◆ **WORK REQUIRED**: Among the entries below, determine how many lines contain the word "using" and state only that figure.
┄┄┄┄┄┄┄┄┄┄
(* Let $X$ and $X'$ be independent identically distributed real random variables with distribution function $F$, $\mathbb E X=0$ and $\mathbb E X^2<\infty$. Put $\sigma^2(z)=\mathbb E X^2\mathbf 1(|X|\ge z)$ and $\sigma_s^2(z)=\mathbb E(X-X')^2\mathbf 1(|X-X'|\ge z)$, $z\ge0$. Then $$\sigma_s^2(z)\le2\sigma^2(\alpha z)+2\sigma^2((1-\alpha)z),\qquad z\ge0,\ \alpha\in[0,1].$$ In particular $\sigma_s^2(z)\le4\sigma^2(z/2)$ for all $z\ge0$, and the constant $4$ is best possible: for every $z>0$, $\sup\sigma_s^2(z)/\sigma^2(z/2)=4$, where the supremum is over all distributions of $X$ with $\mathbb E X=0$ (and finite second moment), and it is delivered by the two-point distributions $\mathbb P(X=qz)=p$, $\mathbb P(X=-pz)=q=1-p$ as $p\to\frac12+$. *)

theory Defs
  imports "HOL-Probability.Probability"
begin

definition sigma2 :: "real measure \<Rightarrow> real \<Rightarrow> real" where
  "sigma2 N z = (\<integral>x. x\<^sup>2 * indicator {x. \<bar>x\<bar> \<ge> z} x \<partial>N)"

text \<open>Symmetrized version: sigma_s^2(z) = E (X - X')^2 1(|X - X'| >= z) with X, X'
  independent with common law N, i.e. (X, X') has law N \<Otimes> N.\<close>
definition sigma_s2 :: "real measure \<Rightarrow> real \<Rightarrow> real" where
  "sigma_s2 N z = (\<integral>w. (fst w - snd w)\<^sup>2 * indicator {w. \<bar>fst w - snd w\<bar> \<ge> z} w \<partial>(N \<Otimes>\<^sub>M N))"

definition two_point :: "real \<Rightarrow> real \<Rightarrow> real measure" where
  "two_point z p = distr (measure_pmf (bernoulli_pmf p)) borel
      (\<lambda>b. if b then (1 - p) * z else - p * z)"

end

theory Submission
  imports Defs
begin

text \<open>Since \<open>\<bar>X - X'\<bar> \<ge> a + b\<close> forces \<open>\<bar>X\<bar> \<ge> a\<close> or \<open>\<bar>X'\<bar> \<ge> b\<close>, it suffices to show
  \<open>E (X - X')\<^sup>2 1(\<bar>X\<bar> \<ge> a) \<le> 2 E X\<^sup>2 1(\<bar>X\<bar> \<ge> a)\<close>. Expanding the square, independence and
  \<open>E X' = 0\<close> kill the cross term and turn the last term into \<open>P(\<bar>X\<bar> \<ge> a) E X\<^sup>2\<close>, which is at
  most \<open>E X\<^sup>2 1(\<bar>X\<bar> \<ge> a)\<close>: restricting to the event \<open>\<bar>X\<bar> \<ge> a\<close> can only raise the mean of
  \<open>X\<^sup>2\<close>. For sharpness, the two-point law with \<open>P(X = (1 - p) z) = p\<close> has
  \<open>\<sigma>\<^sub>s\<^sup>2(z) / \<sigma>\<^sup>2(z/2) = 2 / p\<close> for \<open>1/2 < p < 1\<close>, which tends to 4 as \<open>p \<rightarrow> 1/2\<close>.\<close>

lemma (in prob_space) indep_var_commute:
  assumes "indep_var S X T Y"
  shows "indep_var T Y S X"
proof -
  have "prob (a \<inter> b) = prob a * prob b" if "prob (b \<inter> a) = prob b * prob a" for a b
    using that by (simp add: Int_commute mult.commute)
  then show ?thesis
    using assms unfolding indep_var_eq indep_sets2_eq by blast
qed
┄┄┄┄┄┄┄┄┄┄
◆ **ANSWER BELOW**: 2